Creating the most economical storage space possible for your specialised stock is an issue any business owner will have to contend with in the early days of trading.
There are a wide variety of different warehouse storage solutions available that are specially designed to accommodate different shapes, sizes and quantities of stock, so you are going to need to do your homework to find the right racking for you.
Thankfully we have done the legwork for you, so here are the most common and effective types of racking, so hopefully you will be able to work out the right one for your stock.
Warehouse standard shelving units are not quite the same as the things you knock up at home to hold up your collection of Harry Potter books, but are on the smaller scale in comparison to other racking solutions.
Shelving units tend to be those you see at the business end of your trek around IKEA, they are interchangeable and extendable, but essentially are created to hold smaller products with flat pack furniture being the obvious example.
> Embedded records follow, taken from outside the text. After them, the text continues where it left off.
section \<open>Products and disjoint unions\<close>

lemma balanced_system_product:
  assumes "balanced_system X I F w s K" and "balanced_system Y J G u t L"
  shows "balanced_system (X \<times> Y) (I \<times> J) (\<lambda>(i, j). F i \<times> G j) (\<lambda>(i, j). w i * u j)
           (\<lambda>(i, j) (i', j') (x, y). s i i' x * t j j' y) (K * L)"
proof -
  interpret A: balanced_system X I F w s K by fact
  interpret B: balanced_system Y J G u t L by fact
  show ?thesis
  proof unfold_locales
    show "card ((\<lambda>(i, j). F i \<times> G j) ij) \<le> K * L" if "ij \<in> I \<times> J" for ij
      using that A.card_set_le B.card_set_le by (auto simp: card_cartesian_product intro!: mult_le_mono)
    show "sum (\<lambda>(i, j). w i * u j) (I \<times> J) = 1"
      using A.weight_sum B.weight_sum by (simp flip: sum.cartesian_product sum_product)
    show "sum ((\<lambda>(i, j) (i', j') (x, y). s i i' x * t j j' y) ij ij') (X \<times> Y) = 1"
      if "ij \<in> I \<times> J" "ij' \<in> I \<times> J" for ij ij'
      using that A.dist_sum B.dist_sum by (auto simp flip: sum.cartesian_product sum_product)
    show "xy \<in> (\<lambda>(i, j). F i \<times> G j) ij \<inter> (\<lambda>(i, j). F i \<times> G j) ij'"
      if "ij \<in> I \<times> J" "ij' \<in> I \<times> J" "xy \<in> X \<times> Y"
        and "0 < (\<lambda>(i, j) (i', j') (x, y). s i i' x * t j j' y) ij ij' xy" for ij ij' xy
      using that A.dist_support B.dist_support A.dist_nonneg B.dist_nonneg
      by (auto simp: zero_less_mult_iff) (meson less_le_not_le)+
    show "(\<Sum>ij\<in>I \<times> J. \<Sum>ij'\<in>I \<times> J. (\<lambda>(i, j). w i * u j) ij * (\<lambda>(i, j). w i * u j) ij' *
            (\<lambda>(i, j) (i', j') (x, y). s i i' x * t j j' y) ij ij' xy) = 1 / card (X \<times> Y)"
      if "xy \<in> X \<times> Y" for xy
    proof -
      obtain x y where xy: "xy = (x, y)" "x \<in> X" "y \<in> Y" using \<open>xy \<in> X \<times> Y\<close> by blast
      have "(\<Sum>ij\<in>I \<times> J. \<Sum>ij'\<in>I \<times> J. (\<lambda>(i, j). w i * u j) ij * (\<lambda>(i, j). w i * u j) ij' *
            (\<lambda>(i, j) (i', j') (x, y). s i i' x * t j j' y) ij ij' xy) =
          (\<Sum>i\<in>I. \<Sum>j\<in>J. \<Sum>i'\<in>I. \<Sum>j'\<in>J. (w i * w i' * s i i' x) * (u j * u j' * t j j' y))"
        by (simp add: xy sum.cartesian_product' algebra_simps)
      also have "\<dots> = (\<Sum>i\<in>I. \<Sum>i'\<in>I. w i * w i' * s i i' x) * (\<Sum>j\<in>J. \<Sum>j'\<in>J. u j * u j' * t j j' y)"
        by (simp add: sum_product sum.swap[of _ J I])
      finally show ?thesis
        using A.balanced[OF xy(2)] B.balanced[OF xy(3)] by (simp add: card_cartesian_product)
    qed
  qed (use A.finite_ground B.finite_ground A.finite_index B.finite_index A.set_subset B.set_subset
         A.weight_nonneg B.weight_nonneg A.dist_nonneg B.dist_nonneg in auto)
qed

lemma balanced_system_Plus:
  assumes "balanced_system X I F w s K" and "balanced_system Y J G u t L"
  defines "a \<equiv> card X / (card X + card Y)" and "b \<equiv> card Y / (card X + card Y)"
  shows "balanced_system (X <+> Y) (I \<times> J) (\<lambda>(i, j). Inl ` F i \<union> Inr ` G j) (\<lambda>(i, j). w i * u j)
           (\<lambda>(i, j) (i', j'). case_sum (\<lambda>x. a * s i i' x) (\<lambda>y. b * t j j' y)) (K + L)"
proof -
  interpret A: balanced_system X I F w s K by fact
  interpret B: balanced_system Y J G u t L by fact
  have "0 < a" "0 < b"
    using A.card_ground_pos B.card_ground_pos by (simp_all add: a_def b_def)
  have "a + b = 1"
    using A.card_ground_pos unfolding a_def b_def by (simp flip: add_divide_distrib)
  show ?thesis
  proof unfold_locales
    show "card ((\<lambda>(i, j). Inl ` F i \<union> Inr ` G j) ij) \<le> K + L" if "ij \<in> I \<times> J" for ij
    proof -
      obtain i j where ij: "ij = (i, j)" "i \<in> I" "j \<in> J" using \<open>ij \<in> I \<times> J\<close> by blast
      have "card (Inl ` F i \<union> Inr ` G j :: (_ + _) set) \<le> card (F i) + card (G j)"
        using card_Un_le[of "Inl ` F i" "Inr ` G j"] by (simp add: card_image)
      then show ?thesis using ij A.card_set_le B.card_set_le by fastforce
    qed
    show "sum (\<lambda>(i, j). w i * u j) (I \<times> J) = 1"
      using A.weight_sum B.weight_sum by (simp flip: sum.cartesian_product sum_product)
    show "sum ((\<lambda>(i, j) (i', j'). case_sum (\<lambda>x. a * s i i' x) (\<lambda>y. b * t j j' y)) ij ij') (X <+> Y) = 1"
      if "ij \<in> I \<times> J" "ij' \<in> I \<times> J" for ij ij'
      using that A.dist_sum B.dist_sum A.finite_ground B.finite_ground \<open>a + b = 1\<close>
      by (auto simp: sum.Plus comp_def simp flip: sum_distrib_left)
    show "0 \<le> (\<lambda>(i, j) (i', j'). case_sum (\<lambda>x. a * s i i' x) (\<lambda>y. b * t j j' y)) ij ij' z"
      if "ij \<in> I \<times> J" "ij' \<in> I \<times> J" "z \<in> X <+> Y" for ij ij' z
      using that A.dist_nonneg B.dist_nonneg \<open>0 < a\<close> \<open>0 < b\<close> by auto
    show "z \<in> (\<lambda>(i, j). Inl ` F i \<union> Inr ` G j) ij \<inter> (\<lambda>(i, j). Inl ` F i \<union> Inr ` G j) ij'"
      if "ij \<in> I \<times> J" "ij' \<in> I \<times> J" "z \<in> X <+> Y"
        and "0 < (\<lambda>(i, j) (i', j'). case_sum (\<lambda>x. a * s i i' x) (\<lambda>y. b * t j j' y)) ij ij' z"
      for ij ij' z
      using that A.dist_support B.dist_support \<open>0 < a\<close> \<open>0 < b\<close>
      by (auto simp: zero_less_mult_iff)
    show "(\<Sum>ij\<in>I \<times> J. \<Sum>ij'\<in>I \<times> J. (\<lambda>(i, j). w i * u j) ij * (\<lambda>(i, j). w i * u j) ij' *
            (\<lambda>(i, j) (i', j'). case_sum (\<lambda>x. a * s i i' x) (\<lambda>y. b * t j j' y)) ij ij' z) =
          1 / card (X <+> Y)"
      if "z \<in> X <+> Y" for z
    proof -
      have card_Plus_eq: "card (X <+> Y) = card X + card Y"
        using A.finite_ground B.finite_ground by (simp add: card_Plus)
      show ?thesis
      proof (cases z)
        case (Inl x)
        then have "x \<in> X" using that by auto
        have "(\<Sum>ij\<in>I \<times> J. \<Sum>ij'\<in>I \<times> J. (\<lambda>(i, j). w i * u j) ij * (\<lambda>(i, j). w i * u j) ij' *
                (\<lambda>(i, j) (i', j'). case_sum (\<lambda>x. a * s i i' x) (\<lambda>y. b * t j j' y)) ij ij' z) =
              a * (\<Sum>i\<in>I. \<Sum>i'\<in>I. w i * w i' * s i i' x) * (sum u J * sum u J)"
          by (simp add: Inl sum.cartesian_product' sum_product sum_distrib_left sum.swap[of _ J I]
                algebra_simps)
        then show ?thesis
          using A.balanced[OF \<open>x \<in> X\<close>] B.weight_sum A.card_ground_pos card_Plus_eq by (simp add: a_def)
      next
        case (Inr y)
        then have "y \<in> Y" using that by auto
        have "(\<Sum>ij\<in>I \<times> J. \<Sum>ij'\<in>I \<times> J. (\<lambda>(i, j). w i * u j) ij * (\<lambda>(i, j). w i * u j) ij' *
                (\<lambda>(i, j) (i', j'). case_sum (\<lambda>x. a * s i i' x) (\<lambda>y. b * t j j' y)) ij ij' z) =
              b * (\<Sum>j\<in>J. \<Sum>j'\<in>J. u j * u j' * t j j' y) * (sum w I * sum w I)"
          by (simp add: Inr sum.cartesian_product' sum_product sum_distrib_left sum.swap[of _ J I]
                algebra_simps)
        then show ?thesis
          using B.balanced[OF \<open>y \<in> Y\<close>] A.weight_sum B.card_ground_pos card_Plus_eq by (simp add: b_def)
      qed
    qed
  qed (use A.finite_ground B.finite_ground A.finite_index B.finite_index A.set_subset B.set_subset
         A.weight_nonneg B.weight_nonneg in auto)
qed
So if your business deals mostly in smaller stock items such as hotel toiletries or children’s toys, whilst also not dealing in too big quantities or truck filling orders, shelving might be the storage option for you.
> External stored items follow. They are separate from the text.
lemma shrunk_topology_not_subset:
  assumes g: "admissible g" and h: "admissible h" and "infinite {n. g n < h n}"
  shows "\<not> shrunk_topology g \<subseteq> shrunk_topology h"
proof
  assume sub: "shrunk_topology g \<subseteq> shrunk_topology h"
  define V where "V = ball 0 (1 / 2) \<union> (\<Union>m. shrunk g m)"
  have "open V"
    unfolding V_def shrunk_def by (intro open_Un open_UN ballI open_ball)
  moreover have "{n \<in> UNIV. \<not> shrunk g n \<subseteq> V} = {}"
    unfolding V_def by blast
  ultimately have "V \<in> shrunk_topology g"
    unfolding shrunk_topology_def coarsening_def eta_def by simp
  with sub have "V \<in> shrunk_topology h"
    by blast
  moreover have "0 \<in> V"
    unfolding V_def by simp
  ultimately have "finite {n. \<not> shrunk h n \<subseteq> V}"
    unfolding shrunk_topology_def coarsening_def by simp
  moreover have "\<not> shrunk h n \<subseteq> V" if "g n < h n" for n
    using boundary_point_of_shrunk[OF g h that] unfolding V_def by blast
  then have "{n. g n < h n} \<subseteq> {n. \<not> shrunk h n \<subseteq> V}"
    by blast
  ultimately have "finite {n. g n < h n}"
    by (rule rev_finite_subset)
  with assms(3) show False
    by contradiction
qed

lemma ball_meets_one_I:
  obtains n where "\<And>y m. \<bar>y - p\<bar> < 1 / 4 \<Longrightarrow> y \<in> I m \<Longrightarrow> m = n"
proof (cases "\<exists>z m. \<bar>z - p\<bar> < 1 / 4 \<and> z \<in> I m")
  case True
  then obtain z m where "\<bar>z - p\<bar> < 1 / 4" "z \<in> I m"
    by blast
  then have "m' = m" if "\<bar>y - p\<bar> < 1 / 4" "y \<in> I m'" for y m'
    using I_eqI[of y z m' m] that by linarith
  then show ?thesis
    using that by blast
qed blast

definition local_stretch :: "(nat \<Rightarrow> real) \<Rightarrow> (nat \<Rightarrow> real) \<Rightarrow> nat \<Rightarrow> real \<Rightarrow> real" where
  "local_stretch g h n y = x n + r n * stretch (g n) (h n) ((y - x n) / r n)"

text \<open>Any \<open>n\<close> such that \<open>y\<close> lies in no other interval will do, because
  \<open>local_stretch g h n\<close> is the identity outside \<open>I n\<close>.\<close>

definition interval_stretch :: "(nat \<Rightarrow> real) \<Rightarrow> (nat \<Rightarrow> real) \<Rightarrow> real \<Rightarrow> real" where
  "interval_stretch g h y = local_stretch g h (SOME n. \<forall>m. m \<noteq> n \<longrightarrow> y \<notin> I m) y"

lemma continuous_local_stretch: "continuous_on UNIV (local_stretch g h n)"
proof -
  have "continuous_on UNIV (\<lambda>y. (y - x n) / r n)"
    using r_pos[of n] by (intro continuous_intros) simp
  then have "continuous_on UNIV (\<lambda>y. stretch (g n) (h n) ((y - x n) / r n))"
    by (rule continuous_on_compose2[OF continuous_stretch]) simp
  then show ?thesis
    unfolding local_stretch_def by (intro continuous_intros)
qed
There are two types of pallet racking, which suit different businesses and warehouses depending on how they operate. Pallet racking is designed to hold one of logistics most commonly used transport structures, the pallet. Pallets allow for easy loading and unloading of large amounts of products from any large vehicle or storage facility.
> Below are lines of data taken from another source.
lemma poly_in_var_add:
  fixes I :: "'i set"
  assumes "poly_in_var I j f" and "poly_in_var I j g"
  shows "poly_in_var I j (\<lambda>x. f x + g x)"
proof -
  obtain K1 q1 where 1: "\<forall>k. mpoly_fun I (q1 k)" "\<forall>k>K1. q1 k = (\<lambda>_. 0)"
      "\<forall>x. f x = (\<Sum>k\<le>K1. q1 k x * x j ^ k)"
    using assms(1) by (auto simp: poly_in_var_def)
  obtain K2 q2 where 2: "\<forall>k. mpoly_fun I (q2 k)" "\<forall>k>K2. q2 k = (\<lambda>_. 0)"
      "\<forall>x. g x = (\<Sum>k\<le>K2. q2 k x * x j ^ k)"
    using assms(2) by (auto simp: poly_in_var_def)
  let ?K = "max K1 K2"
  have pad: "(\<Sum>k\<le>K. q k x * x j ^ k) = (\<Sum>k\<le>?K. q k x * x j ^ k)"
    if "\<forall>k>K. q k = (\<lambda>_. 0)" and "K \<le> ?K"
    for K and q :: "nat \<Rightarrow> ('i \<Rightarrow> real) \<Rightarrow> real" and x :: "'i \<Rightarrow> real"
    using that by (intro sum.mono_neutral_left) (auto simp: not_le)
  show ?thesis
    unfolding poly_in_var_def
  proof (intro exI[of _ ?K] exI[of _ "\<lambda>k x. q1 k x + q2 k x"] conjI allI impI)
    fix k
    show "mpoly_fun I (\<lambda>x. q1 k x + q2 k x)"
      using 1(1) 2(1) by (blast intro: mpoly_fun.add)
  next
    fix k
    assume "?K < k"
    then show "(\<lambda>x. q1 k x + q2 k x) = (\<lambda>_. 0)"
      using 1(2) 2(2) by simp
  next
    fix x
    have "f x = (\<Sum>k\<le>?K. q1 k x * x j ^ k)"
      using 1(3) pad[OF 1(2)] by simp
    moreover have "g x = (\<Sum>k\<le>?K. q2 k x * x j ^ k)"
      using 2(3) pad[OF 2(2)] by simp
    ultimately show "f x + g x = (\<Sum>k\<le>?K. (q1 k x + q2 k x) * x j ^ k)"
      by (simp add: distrib_right sum.distrib)
  qed
qed

lemma poly_in_var_mult:
  fixes I :: "'i set"
  assumes "poly_in_var I j f" and "poly_in_var I j g"
  shows "poly_in_var I j (\<lambda>x. f x * g x)"
proof -
  obtain K1 q1 where 1: "\<forall>k. mpoly_fun I (q1 k)" "\<forall>k>K1. q1 k = (\<lambda>_. 0)"
      "\<forall>x. f x = (\<Sum>k\<le>K1. q1 k x * x j ^ k)"
    using assms(1) by (auto simp: poly_in_var_def)
  obtain K2 q2 where 2: "\<forall>k. mpoly_fun I (q2 k)" "\<forall>k>K2. q2 k = (\<lambda>_. 0)"
      "\<forall>x. g x = (\<Sum>k\<le>K2. q2 k x * x j ^ k)"
    using assms(2) by (auto simp: poly_in_var_def)
  define q where "q r x = (\<Sum>k\<le>r. q1 k x * q2 (r - k) x)" for r x
  have "q r = (\<lambda>_. 0)" if "K1 + K2 < r" for r
  proof -
    have "q1 k x * q2 (r - k) x = 0" if "k \<le> r" for k x
    proof (cases "K1 < k")
      case True
      then show ?thesis using 1(2) by simp
    next
      case False
      then have "K2 < r - k"
        using \<open>K1 + K2 < r\<close> by linarith
      then show ?thesis using 2(2) by simp
    qed
    then show ?thesis
      unfolding q_def by (intro ext sum.neutral) auto
  qed
  moreover have "mpoly_fun I (q r)" for r
    unfolding q_def using 1(1) 2(1) by (auto intro!: mpoly_fun_sum mpoly_fun.mult)
  moreover have "f x * g x = (\<Sum>r\<le>K1 + K2. q r x * x j ^ r)" for x
    unfolding 1(3)[rule_format] 2(3)[rule_format] q_def
    by (rule polynomial_product) (use 1(2) 2(2) in auto)
  ultimately show ?thesis
    unfolding poly_in_var_def by blast
qed

lemma poly_in_var_insert: "mpoly_fun (insert j I) f \<Longrightarrow> poly_in_var I j f"
proof (induction rule: mpoly_fun.induct)
  case (const a)
  show ?case
    by (intro poly_in_var_if_mpoly_fun mpoly_fun.const)
next
  case (var i)
  then show ?case
    by (cases "i = j") (auto intro: poly_in_var_var poly_in_var_if_mpoly_fun mpoly_fun.var)
next
  case (add f g)
  show ?case by (rule poly_in_var_add[OF add.IH])
next
  case (mult f g)
  show ?case by (rule poly_in_var_mult[OF mult.IH])
qed

lemma (in product_sigma_finite) AE_PiM_insert:
  assumes "finite I" and "j \<notin> I"
    and "{x \<in> space (PiM (insert j I) M). P x} \<in> sets (PiM (insert j I) M)"
    and AE: "AE y in PiM I M. AE t in M j. P (y(j := t))"
  shows "AE x in PiM (insert j I) M. P x"
proof -
  let ?A = "{x \<in> space (PiM (insert j I) M). \<not> P x}"
  have A: "?A \<in> sets (PiM (insert j I) M)"
    using assms(3) by (rule sets.sets_Collect_neg)
  have "emeasure (PiM (insert j I) M) ?A = (\<integral>\<^sup>+y. (\<integral>\<^sup>+t. indicator ?A (y(j := t)) \<partial>M j) \<partial>PiM I M)"
    using product_nn_integral_insert[OF assms(1,2) borel_measurable_indicator[OF A]] A by simp
  also have "\<dots> = (\<integral>\<^sup>+y. 0 \<partial>PiM I M)"
  proof (rule nn_integral_cong_AE)
    show "AE y in PiM I M. (\<integral>\<^sup>+t. indicator ?A (y(j := t)) \<partial>M j) = 0"
      using AE
    proof eventually_elim
      case (elim y)
      then have "AE t in M j. indicator ?A (y(j := t)) = (0::ennreal)"
        by eventually_elim (simp add: indicator_def)
      then show ?case
        using nn_integral_cong_AE by fastforce
    qed
  qed
  finally show ?thesis
    using A by (simp add: AE_iff_null null_sets_def)
qed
Conventional Pallet Racking
The conventional approach to pallet racking is the one many people will recognise or associate with warehousing. Multi-storey shelving units which hold pallets of stock and are accessed by the forklift from the long side of the shelving.
They can reach any sort of heights depending on restrictions, and are usually pallets deep so that everything can be accessed from either side of the rack.
Drive-in Pallet Racking
These racks are subtly different. Firstly, they only tend to be one deep, but can of course be multi-storey. The idea is that you can load up a forklift with a pallet, drive it in via one of the narrow ends and then add one pallet at a time to any level of the racking.
This is helpful for the simple reason that it can help you order products in the racking for when it needs to be removed and moved on, so it works almost as a pallet timeline.
Speaking to warehouse experts Acorn Warehouse Solutions Ltd, they explained how: “Drive-in pallet racking also massively helps maximise space.
“We have seen warehouses double their racking capacity with it. Because it removes the need for space between each rack, they can instead be pushed together and stock can be accessed from the spine of the rack.”
Mobile racking is essentially an evolved version of either pallet or shelving racking which maximises space. Say you have a warehouse which has tenconventional pallet racks fitted, with a gap between each to allow staff and a forklift to safely navigate it. Mobile racking essentially puts all of these racks on runners, meaning the gaps can be entirely closed.
With the aid of a hand wheel on the end of each rack or sometimes an electric switch, you can move the racking further down the runners to open up the warranted amount of space for a forklift to operate. This could save you huge amounts of space.
Whether you store an endless supply of washing machines or boxes pf playing cards, there should be a racking solution that fits the amount of stock you look after in this list.